L’analyse diachronique de documents cartographiques existants fournit des données brutes concernant les territoires, et renseigne en particulier sur l’occupation des sols et le paysage. Nous avons ainsi analysé des cartes et plans extraits du fond des archives du Service Spécial du Rhône. Nous avons aussi analysé l'évolution des villes grâce à l'étude comparée des cartes de l'Institut Géographie National.

Nous avons conduit des entretiens 47 libres ou semi-directifs avec les acteurs des territoires fluvio-urbains afin de procéder à analyse formalisée du jeu d'acteurs. Des entretiens systématiques ont été menés dans une dynamique comparative avec les directeurs des services techniques des six villes et les directeurs des antennes régionales de la C.N.R. Des rencontres complémentaires ont été organisées : elles ont concerné des acteurs spécifiques intervenant sur l'ensemble du terrain (V.N.F., D.I.R.E.N., E.T.P.B. Territoire Rhône) ou dans un contexte local (certains acteurs sont spécifiques à un espace donné comme le S.Y.M.A.D.R.E.M.).

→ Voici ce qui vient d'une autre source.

(* Run the generalized SMO algorithm with $\tau=0$ from some $\theta^0\in\mathcal F$ and suppose it never stops, i.e. $\Delta^k>0$ for all $k$. Then there are infinitely many iterations $k$ at which the update is not clipped.
   Context: Setup. Let $n,p,k_1,k_2\ge1$, $X\in\mathbb{R}^{n\times p}$ with rows $X_{i:}$, $y\in\mathbb{R}^n$, $C>0$, $\nu\in(0,1]$, $A\in\mathbb{R}^{k_1\times p}$, $b\in\mathbb{R}^{k_1}$, $\Gamma\in\mathbb{R}^{k_2\times p}$, $d\in\mathbb{R}^{k_2}$; $\mathbf e$ is the all-ones vector and $Q=XX^T\in\mathbb{R}^{n\times n}$. Dual variables are $\theta=(\alpha,\alpha^*,\gamma,\mu)\in\mathbb{R}^n\times\mathbb{R}^n\times\mathbb{R}^{k_1}\times\mathbb{R}^{k_2}$. Let $M$ be the $(2n+k_1+k_2)\times p$ matrix with row blocks $X,-X,A,-\Gamma$, $\bar Q=MM^T$, $l=(y,-y,b,-d)$, and $f(\theta)=\frac12\theta^T\bar Q\theta+l^T\theta$. The feasible set $\mathcal F$ consists of $\theta$ with $0\le\alpha_i,\alpha_i^*\le C/n$ for all $i$, $\mathbf e^T(\alpha+\alpha^* )\le C\nu$, $\mathbf e^T(\alpha-\alpha^* )=0$, $\gamma_j\ge0$ for all $j$. Generalized SMO algorithm. Assume the rows of $X$ are pairwise distinct and no row of $A$ or $\Gamma$ is zero. Let $I_{up}(\alpha)=\{i:\alpha_i<C/n\}$, $I_{low}(\alpha)=\{i:\alpha_i>0\}$, and $I^*_{up},I^*_{low}$ the same sets for $\alpha^*$. Fix $\tau\ge0$ and $\theta^0\in\mathcal F$. At iteration $k$, with all gradients evaluated at $\theta^k$: pick $i\in\arg\min_{I_{up}(\alpha^k)}\nabla_{\alpha_i}f$, $j\in\arg\max_{I_{low}(\alpha^k)}\nabla_{\alpha_j}f$ and set $\Delta_1=\max(\nabla_{\alpha_j}f-\nabla_{\alpha_i}f,0)$ ($\Delta_1=0$ if either set is empty); define $i^*,j^*,\Delta_2$ identically for $\alpha^*$; $\Delta_3=\max(-\min_{s}\nabla_{\gamma_s}f,0)$; $\Delta_4=\max_s|\nabla_{\mu_s}f|$; $\Delta^k=\max(\Delta_1,\Delta_2,\Delta_3,\Delta_4)$. If $\Delta^k\le\tau$ stop; otherwise update the first block (in the order $\alpha,\alpha^*,\gamma,\mu$) whose $\Delta_m$ equals $\Delta^k$, leaving all other coordinates unchanged: Block $\alpha$: $t_q=-\frac{\nabla_{\alpha_i}f-\nabla_{\alpha_j}f}{Q_{ii}+Q_{jj}-2Q_{ij}}$, $I_1=\max(-\alpha_i^k,\alpha_j^k-C/n)$, $I_2=\min(\alpha_j^k,C/n-\alpha_i^k)$, $t^*=\min(\max(I_1,t_q),I_2)$, $\alpha_i^{k+1}=\alpha_i^k+t^*$, $\alpha_j^{k+1}=\alpha_j^k-t^*$. Block $\alpha^*$: the same formulas with $\alpha^*$, $(i^*,j^* )$, $\nabla_{\alpha^*}f$ and the same matrix $Q$. Block $\gamma$: $u\in\arg\min_s\nabla_{\gamma_s}f$, $\gamma_u^{k+1}=\max\big(\gamma_u^k-\nabla_{\gamma_u}f/(AA^T)_{uu},0\big)$. Block $\mu$: $u\in\arg\max_s|\nabla_{\mu_s}f|$, $\mu_u^{k+1}=\mu_u^k-\nabla_{\mu_u}f/(\Gamma\Gamma^T)_{uu}$. Clipping. An update in block $\alpha$ or $\alpha^*$ is called clipped if $t^*\neq t_q$; an update in block $\gamma$ is clipped if $\gamma_u^k-\nabla_{\gamma_u}f(\theta^k)/(AA^T)_{uu}<0$; updates in block $\mu$ are never clipped. *)

theory Defs
  imports Complex_Main
begin

(* Indices are 0-based.  X :: nat => nat => real is the n x p data matrix (X i r, i<n, r<p),
   A is k1 x p, G (= Gamma) is k2 x p, y b d are vectors nat => real.
   The dual vector theta = (alpha, alpha*, gamma, mu) is stored as ONE function
   theta :: nat => real with
     alpha_i   = theta i             (i < n)
     alpha*_i  = theta (n + i)       (i < n)
     gamma_s   = theta (2n + s)      (s < k1)
     mu_s      = theta (2n + k1 + s) (s < k2),
   i.e. exactly the coordinate order of the matrix M with row blocks X, -X, A, -Gamma.
   Coordinates >= 2n+k1+k2 are irrelevant (never read, never changed). *)

definition Mrow :: "nat \<Rightarrow> nat \<Rightarrow> (nat\<Rightarrow>nat\<Rightarrow>real) \<Rightarrow> (nat\<Rightarrow>nat\<Rightarrow>real) \<Rightarrow> (nat\<Rightarrow>nat\<Rightarrow>real)
    \<Rightarrow> nat \<Rightarrow> nat \<Rightarrow> real" where
  "Mrow n k1 X A G i r =
     (if i < n then X i r
      else if i < 2*n then - X (i - n) r
      else if i < 2*n + k1 then A (i - 2*n) r
      else - G (i - 2*n - k1) r)"

definition lvec :: "nat \<Rightarrow> nat \<Rightarrow> (nat\<Rightarrow>real) \<Rightarrow> (nat\<Rightarrow>real) \<Rightarrow> (nat\<Rightarrow>real) \<Rightarrow> nat \<Rightarrow> real" where
  "lvec n k1 y b d i =
     (if i < n then y i
      else if i < 2*n then - y (i - n)
      else if i < 2*n + k1 then b (i - 2*n)
      else - d (i - 2*n - k1))"

definition gram :: "nat \<Rightarrow> (nat\<Rightarrow>nat\<Rightarrow>real) \<Rightarrow> nat \<Rightarrow> nat \<Rightarrow> real" where
  "gram p M i j = (\<Sum>r<p. M i r * M j r)"

definition fobj :: "nat \<Rightarrow> nat \<Rightarrow> nat \<Rightarrow> nat \<Rightarrow> (nat\<Rightarrow>nat\<Rightarrow>real) \<Rightarrow> (nat\<Rightarrow>real) \<Rightarrow> (nat\<Rightarrow>nat\<Rightarrow>real)
    \<Rightarrow> (nat\<Rightarrow>real) \<Rightarrow> (nat\<Rightarrow>nat\<Rightarrow>real) \<Rightarrow> (nat\<Rightarrow>real) \<Rightarrow> (nat\<Rightarrow>real) \<Rightarrow> real" where
  "fobj n p k1 k2 X y A b G d \<theta> =
     (1/2) * (\<Sum>i<2*n+k1+k2. \<Sum>j<2*n+k1+k2. \<theta> i * gram p (Mrow n k1 X A G) i j * \<theta> j)
     + (\<Sum>i<2*n+k1+k2. lvec n k1 y b d i * \<theta> i)"

definition grad :: "nat \<Rightarrow> nat \<Rightarrow> nat \<Rightarrow> nat \<Rightarrow> (nat\<Rightarrow>nat\<Rightarrow>real) \<Rightarrow> (nat\<Rightarrow>real) \<Rightarrow> (nat\<Rightarrow>nat\<Rightarrow>real)
    \<Rightarrow> (nat\<Rightarrow>real) \<Rightarrow> (nat\<Rightarrow>nat\<Rightarrow>real) \<Rightarrow> (nat\<Rightarrow>real) \<Rightarrow> (nat\<Rightarrow>real) \<Rightarrow> nat \<Rightarrow> real" where
  "grad n p k1 k2 X y A b G d \<theta> i =
     (\<Sum>j<2*n+k1+k2. gram p (Mrow n k1 X A G) i j * \<theta> j) + lvec n k1 y b d i"

definition feasible :: "nat \<Rightarrow> nat \<Rightarrow> real \<Rightarrow> real \<Rightarrow> (nat\<Rightarrow>real) \<Rightarrow> bool" where
  "feasible n k1 C \<nu> \<theta> \<longleftrightarrow>
     (\<forall>i<n. 0 \<le> \<theta> i \<and> \<theta> i \<le> C / real n \<and> 0 \<le> \<theta> (n+i) \<and> \<theta> (n+i) \<le> C / real n) \<and>
     (\<Sum>i<n. \<theta> i + \<theta> (n+i)) \<le> C * \<nu> \<and>
     (\<Sum>i<n. \<theta> i - \<theta> (n+i)) = 0 \<and>
     (\<forall>s<k1. 0 \<le> \<theta> (2*n+s))"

Elles ont aussi concerné des personnes susceptibles d'apporter des compléments ponctuels d'information.

Notes
42.

Par analyse systémique, nous entendons une analyse qui envisage les éléments d’une conformation complexe, les faits, non pas isolément mais globalement, en tant que parties intégrantes d’un ensemble dont les différents composants sont dans une relation de dépendance réciproque.

43.

Nous avons consulté les inventaires et dépouillé uniquement les dossiers apportaient des informations qui nous ont semblé significatives et importantes.

44.

Le fonds municipal de Vienne est très lacunaire à ce sujet.

45.

Les archives ne constituent pas l'essentiel de notre corpus réflexif mais une partie seulement.

46.

Les cartes postales proviennent essentiellement du fonds Dürrenmatt de la Maison du fleuve Rhône (qui présente une collection très riche de cartes postales et qui a été mis à notre disposition) ainsi que des archives municipales d'Avignon. Jean-Paul Bravard nous a aussi ouvert sa collection personnelle.

47.

Voir liste des entretiens à la fin de la thèse.